§ Study material
lemma stopped_unstopped:
  "stopped X c n x = stays_below X c n x * X x n + (1 - stays_below X c n x) * stopped X c n x"
  by (cases n) (simp_all add: stays_below_def)

lemma stopped_exceeds: "stays_below X c n x = 0 \<Longrightarrow> c \<le> stopped X c n x"
  by (induction n) (auto simp: stays_below_def le_Suc_eq)

context test_supermartingale
begin

lemma stopped_nonneg: "stopped X c n x \<ge> 0"
  by (induction n) (simp_all add: X_nonneg stays_below_def)

lemma adapted_stays_below: "adapted n (stays_below X c n)"
proof (induction n)
  case 0
  then show ?case by (simp add: stays_below_def adapted_const)
next
  case (Suc n)
  have "adapted (Suc n) (stays_below X c n)"
    using Suc by (rule adapted_mono) simp
  then have "adapted (Suc n) (\<lambda>x. if X x (Suc n) \<le> c then stays_below X c n x else 0)"
    by (rule adapted_compose2[OF _ adapted_X, where h="\<lambda>u v. if v \<le> c then u else 0"]) measurable
  then show ?case by (simp add: stays_below_Suc[abs_def])
qed

lemma adapted_stopped: "adapted n (stopped X c n)"
proof (induction n)
  case 0
  then show ?case using adapted_X by simp
next
  case (Suc n)
  have below: "adapted (Suc n) (stays_below X c n)"
    by (rule adapted_mono[OF adapted_stays_below]) simp
  have stopped: "adapted (Suc n) (stopped X c n)"
    using Suc by (rule adapted_mono) simp
  have "adapted (Suc n) (\<lambda>x. stays_below X c n x * X x (Suc n))"
    by (rule adapted_mult[OF below adapted_X])
  moreover have "adapted (Suc n) (\<lambda>x. (1 - stays_below X c n x) * stopped X c n x)"
    by (rule adapted_compose2[OF below stopped, where h="\<lambda>u v. (1 - u) * v"]) measurable
  ultimately have "adapted (Suc n) (\<lambda>x. stays_below X c n x * X x (Suc n)
      + (1 - stays_below X c n x) * stopped X c n x)"
    by (rule adapted_compose2[where h="(+)"]) measurable
  then show ?case by simp
qed
text \<open>For \<open>K\<close> with carrier a non-empty set of naturals, \<open>carrier K \<times> \<nat>\<close> is countably infinite.\<close>
lemma free_action_exists:
  assumes "group (K :: nat monoid)" shows "\<exists>code. free_action K code"
proof -
  have "\<one>\<^bsub>K\<^esub> \<in> carrier K" by (simp add: assms group.is_monoid monoid.one_closed)
  then have "infinite (carrier K \<times> (UNIV :: nat set))"
    using finite_cartesian_productD2 by auto
  moreover have "countable (carrier K \<times> (UNIV :: nat set))" by auto
  ultimately obtain code where "bij_betw code (carrier K \<times> (UNIV :: nat set)) (UNIV :: nat set)"
    using countableE_infinite by blast
  then show ?thesis using assms by (auto simp: free_action_def free_action_axioms_def)
qed

section \<open>The extension step\<close>

definition embeds :: "nat monoid \<Rightarrow> (nat \<Rightarrow> nat) set \<Rightarrow> bool" where
  "embeds K G \<longleftrightarrow> (\<exists>h. h \<in> hom K SymN \<and> inj_on h (carrier K) \<and> h ` carrier K \<subseteq> G)"

lemma embeds_mono: "embeds K G \<Longrightarrow> G \<subseteq> G' \<Longrightarrow> embeds K G'"
  unfolding embeds_def by blast

lemma countable_extension:
  assumes G: "cofinitary_group G" "countable G" and K: "group (K :: nat monoid)"
  shows "\<exists>G'. cofinitary_group G' \<and> countable G' \<and> G \<subseteq> G' \<and> embeds K G'"
proof -
  obtain code where "free_action K code" using free_action_exists[OF K] by blast
  then interpret free_action K code .
  have "countable (act ` carrier K)" by simp
  then obtain p where p: "bij p" and cof: "cofinitary_group (amalgam G (conjugate p ` act ` carrier K))"
    by (rule amalgam_with_generic_conjugate[OF G cofinitary_group_act])
  define G' where "G' = amalgam G (conjugate p ` act ` carrier K)"
  define h where "h k = conjugate p (act k)" for k
  have hom: "h \<in> hom K SymN"
  proof (rule homI)
    show "h k \<in> carrier SymN" if "k \<in> carrier K" for k
      using that by (simp add: h_def carrier_SymN bij_conjugate p act_bij)
    show "h (x \<otimes>\<^bsub>K\<^esub> y) = h x \<otimes>\<^bsub>SymN\<^esub> h y" if "x \<in> carrier K" "y \<in> carrier K" for x y
      using that by (simp add: h_def act_mult conjugate_comp p mult_SymN bij_conjugate act_bij)
  qed
  have inj: "inj_on h (carrier K)"
  proof (rule inj_onI)
    fix x y assume "x \<in> carrier K" "y \<in> carrier K" "h x = h y"
    then show "x = y" using conjugate_inj[OF p] act_inj unfolding h_def inj_on_def by blast
  qed
  have image: "h ` carrier K \<subseteq> G'"
  proof
    fix f assume "f \<in> h ` carrier K"
    then have "f \<in> conjugate p ` act ` carrier K" by (auto simp: h_def)
    then show "f \<in> G'" unfolding G'_def by (intro amalgam_contains[of False]) simp_all
  qed
  have "G \<subseteq> G'" unfolding G'_def by (intro subsetI amalgam_contains[of True]) simp_all
  moreover have "countable G'" unfolding G'_def using G(2) by (intro countable_amalgam) auto
  moreover have "embeds K G'" unfolding embeds_def using hom inj image by blast
  moreover have "cofinitary_group G'" unfolding G'_def by (rule cof)
  ultimately show ?thesis by blast
qed
(* Let $m,n$ be positive integers and $s,k$ even positive integers. There exists a ${}^2\mathrm{H}(m,n;s,k)$ if and only if $ms=nk$, $2\le s\le n$, $2\le k\le m$, and $s,k$ are not both equal to $2$.
   Context: For positive integers $m,n,s,k,\lambda,t$ with $t$ dividing $\frac{2nk}{\lambda}$, let $v=\frac{2nk}{\lambda}+t$ and $J$ the subgroup of $\mathbb{Z}_v$ of order $t$. A ${}^\lambda\mathrm{H}_t(m,n;s,k)$ is an $m\times n$ partially filled array with entries in $\mathbb{Z}_v$ such that: (a) each row has exactly $s$ and each column exactly $k$ filled cells; (b) the multiset $\{\pm x: x$ an entry of a filled cell$\}$ contains each element of $\mathbb{Z}_v\setminus J$ exactly $\lambda$ times and no element of $J$; (c) every row and every column sums to $0$ in $\mathbb{Z}_v$. The subscript $t$ is omitted when $t=1$, so ${}^2\mathrm{H}(m,n;s,k)$ is over $\mathbb{Z}_{nk+1}$. *)

theory Defs
  imports Main "HOL-Library.Multiset"
begin

text \<open>An m x n partially filled array with entries in Z_v is modelled as
  A :: nat => nat => int option, where only the cells (i,j) with i < m, j < n
  matter; None means an empty cell, Some x a filled cell whose entry is the
  residue class of x, the representative being required to lie in {0..<v}.\<close>

definition heffter_v :: "nat \<Rightarrow> nat \<Rightarrow> nat \<Rightarrow> nat \<Rightarrow> nat" where
  "heffter_v lam t n k = 2 * n * k div lam + t"

definition filled_cells :: "nat \<Rightarrow> nat \<Rightarrow> (nat \<Rightarrow> nat \<Rightarrow> int option) \<Rightarrow> (nat \<times> nat) set" where
  "filled_cells m n A = {(i, j). i < m \<and> j < n \<and> A i j \<noteq> None}"

definition pm_entries :: "nat \<Rightarrow> nat \<Rightarrow> nat \<Rightarrow> (nat \<Rightarrow> nat \<Rightarrow> int option) \<Rightarrow> int multiset" where
  "pm_entries v m n A =
     (\<Sum>c\<in>#mset_set (filled_cells m n A).
        {# the (A (fst c) (snd c)) mod int v, (- the (A (fst c) (snd c))) mod int v #})"
definition MR_solution_upto ::
  "(real^'n::finite \<Rightarrow> real \<Rightarrow> real^'n) \<Rightarrow> (real^'n \<Rightarrow> real \<Rightarrow> real^'n) \<Rightarrow> (real^'n \<Rightarrow> real \<Rightarrow> real^'n \<Rightarrow> real^'n)
    \<Rightarrow> real \<Rightarrow> real \<Rightarrow> (real^'n) set \<Rightarrow> real \<Rightarrow> real \<Rightarrow> real^'n \<Rightarrow> real^'n
    \<Rightarrow> (real \<Rightarrow> real^'n) \<Rightarrow> (real \<Rightarrow> real^'n) \<Rightarrow> bool" where
  "MR_solution_upto A B M \<mu> \<kappa> D t0 \<tau> y0 w0 y w \<longleftrightarrow>
     continuous_on {t0..\<tau>} y \<and> continuous_on {t0..\<tau>} w \<and>
     (\<forall>t\<in>{t0..\<tau>}. y t \<in> D \<and>
        ((\<lambda>s. w s + A (y s) s) has_integral (y t - y0)) {t0..t} \<and>
        ((\<lambda>s. - \<mu> *\<^sub>R w s - M (y s) s (w s) - (\<kappa> * sqrt \<mu> / sqrt (t - s)) *\<^sub>R w s + B (y s) s)
           has_integral (w t - w0)) {t0..t})"

lemma has_integral_inverse_sqrt_diff:
  fixes c t :: real
  assumes "c \<le> t"
  shows "((\<lambda>s. 1 / sqrt (t - s)) has_integral (2 * sqrt (t - c))) {c..t}"
proof -
  have "((\<lambda>s. 1 / sqrt (t - s)) has_integral (-2 * sqrt (t - t)) - (-2 * sqrt (t - c))) {c..t}"
  proof (rule fundamental_theorem_of_calculus_interior_strong[where S="{}"])
    show "continuous_on {c..t} (\<lambda>s. -2 * sqrt (t - s))"
      by (intro continuous_intros)
  next
    fix s assume "s \<in> {c<..<t} - {}"
    then have "0 < t - s" by simp
    then have "((\<lambda>s. -2 * sqrt (t - s)) has_real_derivative 1 / sqrt (t - s)) (at s)"
      by (auto intro!: derivative_eq_intros simp: field_simps)
    then show "((\<lambda>s. -2 * sqrt (t - s)) has_vector_derivative 1 / sqrt (t - s)) (at s)"
      by (simp add: has_real_derivative_iff_has_vector_derivative)
  qed (use assms in auto)
  then show ?thesis by simp
qed

lemma has_integral_norm_bound_after_vanishing:
  fixes f :: "real \<Rightarrow> 'b::banach"
  assumes I: "(f has_integral I) {t0..t}" and "t0 \<le> ts" "ts \<le> t"
    and vanish: "\<And>s. s \<in> {t0..ts} \<Longrightarrow> f s = 0"
    and bound: "\<And>s. s \<in> {ts..t} \<Longrightarrow> norm (f s) \<le> a + b / sqrt (t - s)"
  shows "norm I \<le> a * (t - ts) + b * (2 * sqrt (t - ts))"
proof -
  have "f integrable_on {t0..t}" using I by blast
  then have "f integrable_on {ts..t}"
    by (rule integrable_subinterval_real) (use assms in auto)
  moreover note \<open>f integrable_on {t0..t}\<close>
  moreover have "integral {t0..ts} f = 0"
    using has_integral_is_0[of "{t0..ts}" f] vanish by (simp add: integral_unique)
  ultimately have "I = integral {ts..t} f"
    using I Henstock_Kurzweil_Integration.integral_combine[of t0 ts t f] assms(2,3) by (simp add: integral_unique)
  have bound_integral: "((\<lambda>s. a + b * (1 / sqrt (t - s))) has_integral
      (a * (t - ts) + b * (2 * sqrt (t - ts)))) {ts..t}"
    using has_integral_add[OF has_integral_const_real[of a ts t]
        has_integral_mult_right[OF has_integral_inverse_sqrt_diff[OF \<open>ts \<le> t\<close>], of b]] \<open>ts \<le> t\<close>
    by (simp add: mult.commute)
  have "norm (integral {ts..t} f) \<le> a * (t - ts) + b * (2 * sqrt (t - ts))"
    using integral_norm_bound_integral[OF \<open>f integrable_on {ts..t}\<close> has_integral_integrable[OF bound_integral]]
      bound integral_unique[OF bound_integral] by simp
  then show ?thesis using \<open>I = integral {ts..t} f\<close> by simp
qed
definition augmentation :: "('g, 'm) monoid_scheme \<Rightarrow> ('g \<Rightarrow> int) \<Rightarrow> int" where
  "augmentation G a = (\<Sum>x\<in>carrier G. a x)"

lemma augmentation_ideal_eq:
  "augmentation_ideal G = {a \<in> carrier (group_ring G). augmentation G a = 0}"
  by (simp add: augmentation_ideal_def augmentation_def)

lemma (in group) mult_inv_cancel_left [simp]:
  "x \<in> carrier G \<Longrightarrow> y \<in> carrier G \<Longrightarrow> x \<otimes> (inv x \<otimes> y) = y"
  by (simp add: m_assoc[symmetric])

lemma (in group) inv_mult_cancel_left [simp]:
  "x \<in> carrier G \<Longrightarrow> y \<in> carrier G \<Longrightarrow> inv x \<otimes> (x \<otimes> y) = y"
  by (simp add: m_assoc[symmetric])

locale finite_group = group +
  assumes finite_carrier: "finite (carrier G)"
begin

lemma sum_left_translate:
  assumes "x \<in> carrier G"
  shows "(\<Sum>z\<in>carrier G. \<phi> (inv x \<otimes> z)) = (\<Sum>y\<in>carrier G. \<phi> y)"
  by (rule sum.reindex_bij_witness[where j="\<lambda>z. inv x \<otimes> z" and i="\<lambda>y. x \<otimes> y"])
     (use assms in simp_all)

lemma sum_delta_at:
  "z \<in> carrier G \<Longrightarrow> (\<Sum>x\<in>carrier G. if x = z then c else 0) = c"
  using finite_carrier by (simp add: sum.delta')

lemma group_ring_mult_assoc:
  "(a \<otimes>\<^bsub>group_ring G\<^esub> b) \<otimes>\<^bsub>group_ring G\<^esub> c = a \<otimes>\<^bsub>group_ring G\<^esub> (b \<otimes>\<^bsub>group_ring G\<^esub> c)"
proof (rule ext)
  fix z
  show "((a \<otimes>\<^bsub>group_ring G\<^esub> b) \<otimes>\<^bsub>group_ring G\<^esub> c) z = (a \<otimes>\<^bsub>group_ring G\<^esub> (b \<otimes>\<^bsub>group_ring G\<^esub> c)) z"
  proof (cases "z \<in> carrier G")
    case z: True
    have inner: "(\<Sum>y\<in>carrier G. b (inv x \<otimes> y) * c (inv y \<otimes> z))
       = (\<Sum>w\<in>carrier G. b w * c (inv w \<otimes> (inv x \<otimes> z)))" if x: "x \<in> carrier G" for x
      using sum_left_translate[OF x, of "\<lambda>w. b w * c (inv w \<otimes> (inv x \<otimes> z))"] x z
      by (simp add: inv_mult_group m_assoc)
    have "((a \<otimes>\<^bsub>group_ring G\<^esub> b) \<otimes>\<^bsub>group_ring G\<^esub> c) z
       = (\<Sum>y\<in>carrier G. (\<Sum>x\<in>carrier G. a x * b (inv x \<otimes> y)) * c (inv y \<otimes> z))"
      using z unfolding group_ring_simps(2) by (auto intro!: sum.cong)
    also have "\<dots> = (\<Sum>x\<in>carrier G. a x * (\<Sum>y\<in>carrier G. b (inv x \<otimes> y) * c (inv y \<otimes> z)))"
      by (simp only: sum_distrib_left sum_distrib_right mult.assoc) (rule sum.swap)
    also have "\<dots> = (a \<otimes>\<^bsub>group_ring G\<^esub> (b \<otimes>\<^bsub>group_ring G\<^esub> c)) z"
      using z unfolding group_ring_simps(2) by (auto intro!: sum.cong simp: inner)
    finally show ?thesis .
  qed (simp add: group_ring_simps)
qed

lemma group_ring_mult_basis_left:
  assumes "x \<in> carrier G"
  shows "gr_basis x \<otimes>\<^bsub>group_ring G\<^esub> b = (\<lambda>z. if z \<in> carrier G then b (inv x \<otimes> z) else 0)"
proof -
  have "(\<Sum>y\<in>carrier G. gr_basis x y * b (inv y \<otimes> z)) = b (inv x \<otimes> z)" for z
    using sum_delta_at[OF assms, of "b (inv x \<otimes> z)"]
    by (simp add: gr_basis_def if_distrib[of "\<lambda>c. c * _"] cong: if_cong)
  then show ?thesis by (simp only: group_ring_simps)
qed
lemma renewal_equation:
  assumes "g \<in> borel_measurable borel"
  shows "(\<integral>\<^sup>+s. g s \<partial>ren_measure) = cycle_kernel g 0 + (\<integral>\<^sup>+s. cycle_kernel g s \<partial>ren_measure)"
  using assms
proof (induction rule: borel_measurable_induct)
  case (cong f g)
  then have "f = g" by (auto simp: fun_eq_iff)
  with cong show ?case by simp
next
  case (set A)
  then show ?case
    using emeasure_ren_measure_next[OF set] by (simp add: ren_measure_next_eq)
next
  case (mult u k)
  note [measurable] = mult(2)
  have "(\<integral>\<^sup>+s. k * u s \<partial>ren_measure) = k * (\<integral>\<^sup>+s. u s \<partial>ren_measure)"
    by (rule nn_integral_cmult) measurable
  also have "\<dots> = k * cycle_kernel u 0 + k * (\<integral>\<^sup>+s. cycle_kernel u s \<partial>ren_measure)"
    using mult(4) by (simp add: distrib_left)
  also have "k * (\<integral>\<^sup>+s. cycle_kernel u s \<partial>ren_measure) = (\<integral>\<^sup>+s. k * cycle_kernel u s \<partial>ren_measure)"
    by (rule nn_integral_cmult[symmetric]) measurable
  finally show ?case by (simp add: cycle_kernel_cmult)
next
  case (add u v)
  note [measurable] = add(1,3)
  have kernel_add: "cycle_kernel (\<lambda>x. v x + u x) s = cycle_kernel v s + cycle_kernel u s" for s
    using cycle_kernel_add[OF add(3,1)] .
  have "(\<integral>\<^sup>+s. v s + u s \<partial>ren_measure) = (\<integral>\<^sup>+s. v s \<partial>ren_measure) + (\<integral>\<^sup>+s. u s \<partial>ren_measure)"
    by (intro nn_integral_add) auto
  also have "\<dots> = (cycle_kernel v 0 + cycle_kernel u 0)
      + ((\<integral>\<^sup>+s. cycle_kernel v s \<partial>ren_measure) + (\<integral>\<^sup>+s. cycle_kernel u s \<partial>ren_measure))"
    using add(6,7) by (simp add: ac_simps)
  also have "(\<integral>\<^sup>+s. cycle_kernel v s \<partial>ren_measure) + (\<integral>\<^sup>+s. cycle_kernel u s \<partial>ren_measure)
      = (\<integral>\<^sup>+s. cycle_kernel v s + cycle_kernel u s \<partial>ren_measure)"
    by (intro nn_integral_add[symmetric]) auto
  finally show ?case by (simp only: kernel_add)
next
  case (seq U)
  show ?case by (rule renewal_equation_SUP[OF seq(1,3,5)])
qed
(* Let $q$ be a prime power. There exists a $2$-code of $\mathcal H_{3,q^2}$ of size $q^6 + \frac{q(q-1)(q^4+q^2+1)}{2}$.
   Context: $\mathcal H_{3,q^2}$ is the set of $3\times 3$ Hermitian matrices over ${\rm GF}(q^2)$ (matrices $A=(a_{ij})$ with $a_{ji}=a_{ij}^q$), with rank distance $d_r(A,B)={\rm rk}(A-B)$. A $2$-code is a non-empty subset whose minimum distance $\min\{{\rm rk}(c_1-c_2): c_1\neq c_2\}$ equals $2$. *)

theory Defs
  imports "Jordan_Normal_Form.DL_Rank"
begin

text \<open>3x3 Hermitian matrices over a field F of order q^2: a_ji = a_ij^q.\<close>
definition hermitian3 :: "nat \<Rightarrow> ('a::field) mat set" where
  "hermitian3 q = {A. A \<in> carrier_mat 3 3 \<and>
     (\<forall>i<3. \<forall>j<3. A $$ (j, i) = (A $$ (i, j)) ^ q)}"

definition rank_dist :: "('a::field) mat \<Rightarrow> 'a mat \<Rightarrow> nat" where
  "rank_dist A B = vec_space.rank 3 (A - B)"

definition is_herm_code :: "nat \<Rightarrow> nat \<Rightarrow> ('a::field) mat set \<Rightarrow> bool" where
  "is_herm_code q d C \<longleftrightarrow> C \<noteq> {} \<and> C \<subseteq> hermitian3 q \<and>
     (\<forall>c1\<in>C. \<forall>c2\<in>C. c1 \<noteq> c2 \<longrightarrow> rank_dist c1 c2 \<ge> d) \<and>
     (\<exists>c1\<in>C. \<exists>c2\<in>C. c1 \<noteq> c2 \<and> rank_dist c1 c2 = d)"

§ Aim of the task
Lines wanted from the listing above: the line with "Context: For positive" up to and including the line with "option) \<Rightarrow> (nat". Please write them out exactly, adding nothing else.

§ Answer section
   Context: For positive integers $m,n,s,k,\lambda,t$ with $t$ dividing $\frac{2nk}{\lambda}$, let $v=\frac{2nk}{\lambda}+t$ and $J$ the subgroup of $\mathbb{Z}_v$ of order $t$. A ${}^\lambda\mathrm{H}_t(m,n;s,k)$ is an $m\times n$ partially filled array with entries in $\mathbb{Z}_v$ such that: (a) each row has exactly $s$ and each column exactly $k$ filled cells; (b) the multiset $\{\pm x: x$ an entry of a filled cell$\}$ contains each element of $\mathbb{Z}_v\setminus J$ exactly $\lambda$ times and no element of $J$; (c) every row and every column sums to $0$ in $\mathbb{Z}_v$. The subscript $t$ is omitted when $t=1$, so ${}^2\mathrm{H}(m,n;s,k)$ is over $\mathbb{Z}_{nk+1}$. *)

theory Defs
  imports Main "HOL-Library.Multiset"
begin

text \<open>An m x n partially filled array with entries in Z_v is modelled as
  A :: nat => nat => int option, where only the cells (i,j) with i < m, j < n
  matter; None means an empty cell, Some x a filled cell whose entry is the
  residue class of x, the representative being required to lie in {0..<v}.\<close>

definition heffter_v :: "nat \<Rightarrow> nat \<Rightarrow> nat \<Rightarrow> nat \<Rightarrow> nat" where
  "heffter_v lam t n k = 2 * n * k div lam + t"

definition filled_cells :: "nat \<Rightarrow> nat \<Rightarrow> (nat \<Rightarrow> nat \<Rightarrow> int option) \<Rightarrow> (nat \<times> nat) set" where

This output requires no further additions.